Determine the number of lines in these entries that hold the word "indC". Give the number and nothing more.

---- Available data

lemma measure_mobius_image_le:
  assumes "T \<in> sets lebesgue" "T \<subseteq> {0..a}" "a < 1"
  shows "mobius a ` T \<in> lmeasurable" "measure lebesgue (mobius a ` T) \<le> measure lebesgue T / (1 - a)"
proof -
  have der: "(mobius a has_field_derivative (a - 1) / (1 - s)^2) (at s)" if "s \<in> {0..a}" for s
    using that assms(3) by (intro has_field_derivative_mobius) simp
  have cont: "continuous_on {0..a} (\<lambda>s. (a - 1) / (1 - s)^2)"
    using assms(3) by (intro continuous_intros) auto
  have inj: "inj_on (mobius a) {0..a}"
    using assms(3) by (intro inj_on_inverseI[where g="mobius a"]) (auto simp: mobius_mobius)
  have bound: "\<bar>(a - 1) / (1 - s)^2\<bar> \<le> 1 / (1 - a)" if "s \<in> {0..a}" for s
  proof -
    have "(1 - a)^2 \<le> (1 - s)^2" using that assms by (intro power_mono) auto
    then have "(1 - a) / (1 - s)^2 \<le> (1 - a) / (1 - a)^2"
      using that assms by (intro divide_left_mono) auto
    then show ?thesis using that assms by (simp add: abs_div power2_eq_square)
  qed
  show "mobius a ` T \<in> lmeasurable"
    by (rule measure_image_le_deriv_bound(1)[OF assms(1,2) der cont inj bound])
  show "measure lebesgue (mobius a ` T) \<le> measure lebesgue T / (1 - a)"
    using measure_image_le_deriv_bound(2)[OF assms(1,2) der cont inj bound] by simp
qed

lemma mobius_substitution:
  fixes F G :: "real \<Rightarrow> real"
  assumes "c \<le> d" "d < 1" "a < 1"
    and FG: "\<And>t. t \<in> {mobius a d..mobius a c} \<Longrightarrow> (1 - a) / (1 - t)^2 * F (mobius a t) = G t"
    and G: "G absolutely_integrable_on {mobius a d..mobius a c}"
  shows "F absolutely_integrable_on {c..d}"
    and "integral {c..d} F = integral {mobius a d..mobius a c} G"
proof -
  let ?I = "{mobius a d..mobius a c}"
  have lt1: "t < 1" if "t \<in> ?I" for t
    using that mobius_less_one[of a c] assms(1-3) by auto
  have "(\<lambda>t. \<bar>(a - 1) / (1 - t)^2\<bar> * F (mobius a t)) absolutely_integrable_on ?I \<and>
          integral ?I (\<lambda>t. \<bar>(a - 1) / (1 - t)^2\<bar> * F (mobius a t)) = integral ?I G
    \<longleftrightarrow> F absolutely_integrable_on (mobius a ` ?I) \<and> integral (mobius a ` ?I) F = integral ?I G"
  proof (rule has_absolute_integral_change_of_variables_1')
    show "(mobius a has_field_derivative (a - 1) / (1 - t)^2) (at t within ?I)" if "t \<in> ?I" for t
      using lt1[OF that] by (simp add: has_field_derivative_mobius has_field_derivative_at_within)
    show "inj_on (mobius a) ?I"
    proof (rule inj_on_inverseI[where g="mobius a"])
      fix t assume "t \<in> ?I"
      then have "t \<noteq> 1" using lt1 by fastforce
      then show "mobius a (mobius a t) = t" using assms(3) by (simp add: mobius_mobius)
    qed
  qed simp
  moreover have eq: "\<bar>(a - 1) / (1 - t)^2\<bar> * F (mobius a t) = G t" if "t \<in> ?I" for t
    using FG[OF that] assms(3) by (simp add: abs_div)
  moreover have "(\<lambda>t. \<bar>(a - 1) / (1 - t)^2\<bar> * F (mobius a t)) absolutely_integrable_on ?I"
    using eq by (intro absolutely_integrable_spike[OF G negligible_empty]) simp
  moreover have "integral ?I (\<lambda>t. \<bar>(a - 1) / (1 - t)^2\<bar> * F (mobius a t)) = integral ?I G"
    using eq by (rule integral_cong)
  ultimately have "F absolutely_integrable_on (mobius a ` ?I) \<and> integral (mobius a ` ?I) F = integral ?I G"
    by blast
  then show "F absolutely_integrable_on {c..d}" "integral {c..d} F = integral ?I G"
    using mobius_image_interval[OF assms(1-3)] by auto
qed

--------
---- Available data

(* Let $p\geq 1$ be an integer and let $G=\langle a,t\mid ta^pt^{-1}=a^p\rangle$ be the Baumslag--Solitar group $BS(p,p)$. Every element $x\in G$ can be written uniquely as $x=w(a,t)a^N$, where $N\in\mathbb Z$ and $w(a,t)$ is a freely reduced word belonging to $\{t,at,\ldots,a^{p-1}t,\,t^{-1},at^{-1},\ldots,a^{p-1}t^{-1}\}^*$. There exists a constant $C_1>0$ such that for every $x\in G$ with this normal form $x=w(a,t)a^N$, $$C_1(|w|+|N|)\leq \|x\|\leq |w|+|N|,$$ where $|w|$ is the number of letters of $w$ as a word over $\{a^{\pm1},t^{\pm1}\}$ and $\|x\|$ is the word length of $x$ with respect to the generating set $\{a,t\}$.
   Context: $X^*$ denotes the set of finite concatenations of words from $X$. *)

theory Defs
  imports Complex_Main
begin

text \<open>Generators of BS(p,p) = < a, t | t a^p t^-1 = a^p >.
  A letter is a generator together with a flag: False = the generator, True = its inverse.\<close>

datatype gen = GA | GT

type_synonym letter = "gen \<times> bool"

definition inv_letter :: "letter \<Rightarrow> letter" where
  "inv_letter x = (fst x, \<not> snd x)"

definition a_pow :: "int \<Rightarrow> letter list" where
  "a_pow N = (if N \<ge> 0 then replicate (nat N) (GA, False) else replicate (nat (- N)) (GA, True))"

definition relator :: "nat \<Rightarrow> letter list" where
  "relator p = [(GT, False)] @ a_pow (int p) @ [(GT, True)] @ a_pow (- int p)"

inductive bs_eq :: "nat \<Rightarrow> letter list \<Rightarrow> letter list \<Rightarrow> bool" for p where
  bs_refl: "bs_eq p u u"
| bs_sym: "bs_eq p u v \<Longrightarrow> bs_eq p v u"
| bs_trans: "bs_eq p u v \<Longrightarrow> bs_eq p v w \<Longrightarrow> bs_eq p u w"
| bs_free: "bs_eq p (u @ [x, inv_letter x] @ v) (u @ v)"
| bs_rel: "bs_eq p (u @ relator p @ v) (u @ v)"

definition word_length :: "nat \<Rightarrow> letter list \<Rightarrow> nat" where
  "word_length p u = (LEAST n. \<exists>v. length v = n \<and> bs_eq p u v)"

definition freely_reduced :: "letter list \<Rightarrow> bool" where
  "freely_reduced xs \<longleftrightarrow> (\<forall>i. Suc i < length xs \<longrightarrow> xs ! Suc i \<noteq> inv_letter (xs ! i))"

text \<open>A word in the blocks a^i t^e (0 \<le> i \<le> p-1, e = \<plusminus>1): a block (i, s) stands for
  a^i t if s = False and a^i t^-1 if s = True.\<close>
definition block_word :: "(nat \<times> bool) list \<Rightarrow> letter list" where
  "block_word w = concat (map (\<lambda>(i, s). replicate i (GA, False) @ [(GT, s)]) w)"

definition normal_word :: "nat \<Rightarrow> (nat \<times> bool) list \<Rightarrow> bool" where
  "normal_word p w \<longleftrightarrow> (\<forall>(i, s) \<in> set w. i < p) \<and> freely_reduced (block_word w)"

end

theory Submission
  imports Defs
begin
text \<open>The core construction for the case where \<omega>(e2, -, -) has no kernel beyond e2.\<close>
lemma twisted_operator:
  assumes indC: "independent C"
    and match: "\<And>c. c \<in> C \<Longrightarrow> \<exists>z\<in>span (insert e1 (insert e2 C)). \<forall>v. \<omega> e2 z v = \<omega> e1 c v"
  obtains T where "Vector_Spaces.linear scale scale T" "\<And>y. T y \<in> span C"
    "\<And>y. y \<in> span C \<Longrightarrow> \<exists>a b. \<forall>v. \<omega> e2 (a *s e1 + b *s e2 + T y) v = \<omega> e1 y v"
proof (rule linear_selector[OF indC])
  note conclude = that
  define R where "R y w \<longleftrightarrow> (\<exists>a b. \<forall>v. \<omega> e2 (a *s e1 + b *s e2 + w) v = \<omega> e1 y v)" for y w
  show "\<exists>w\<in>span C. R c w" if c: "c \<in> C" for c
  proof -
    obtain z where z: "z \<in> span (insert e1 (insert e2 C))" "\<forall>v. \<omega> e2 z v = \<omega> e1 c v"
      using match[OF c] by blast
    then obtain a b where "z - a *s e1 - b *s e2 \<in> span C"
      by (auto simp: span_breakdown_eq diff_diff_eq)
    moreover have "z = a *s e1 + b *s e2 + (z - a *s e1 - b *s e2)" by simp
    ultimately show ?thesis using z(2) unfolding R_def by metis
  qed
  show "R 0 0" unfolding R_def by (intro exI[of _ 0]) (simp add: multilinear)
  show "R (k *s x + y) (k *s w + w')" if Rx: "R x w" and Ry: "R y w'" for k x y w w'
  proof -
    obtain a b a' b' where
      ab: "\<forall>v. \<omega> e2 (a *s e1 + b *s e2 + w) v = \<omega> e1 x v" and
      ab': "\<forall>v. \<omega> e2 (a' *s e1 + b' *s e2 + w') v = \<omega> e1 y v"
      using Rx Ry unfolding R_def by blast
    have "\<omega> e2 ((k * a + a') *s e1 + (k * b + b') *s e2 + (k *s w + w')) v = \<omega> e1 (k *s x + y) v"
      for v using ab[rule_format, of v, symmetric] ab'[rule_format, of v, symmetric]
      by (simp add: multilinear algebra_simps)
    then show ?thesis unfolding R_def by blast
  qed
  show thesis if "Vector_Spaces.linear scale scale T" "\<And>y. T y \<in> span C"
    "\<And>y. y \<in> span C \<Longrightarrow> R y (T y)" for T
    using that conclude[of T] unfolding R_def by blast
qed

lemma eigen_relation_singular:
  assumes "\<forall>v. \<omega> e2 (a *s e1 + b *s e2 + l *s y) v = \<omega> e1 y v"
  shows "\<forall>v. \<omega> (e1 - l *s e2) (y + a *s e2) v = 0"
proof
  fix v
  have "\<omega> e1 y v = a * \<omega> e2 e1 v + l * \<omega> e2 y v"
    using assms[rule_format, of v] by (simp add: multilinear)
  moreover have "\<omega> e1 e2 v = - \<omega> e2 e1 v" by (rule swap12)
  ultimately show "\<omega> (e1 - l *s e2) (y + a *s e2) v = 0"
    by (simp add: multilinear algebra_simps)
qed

--------

■ Expected output
2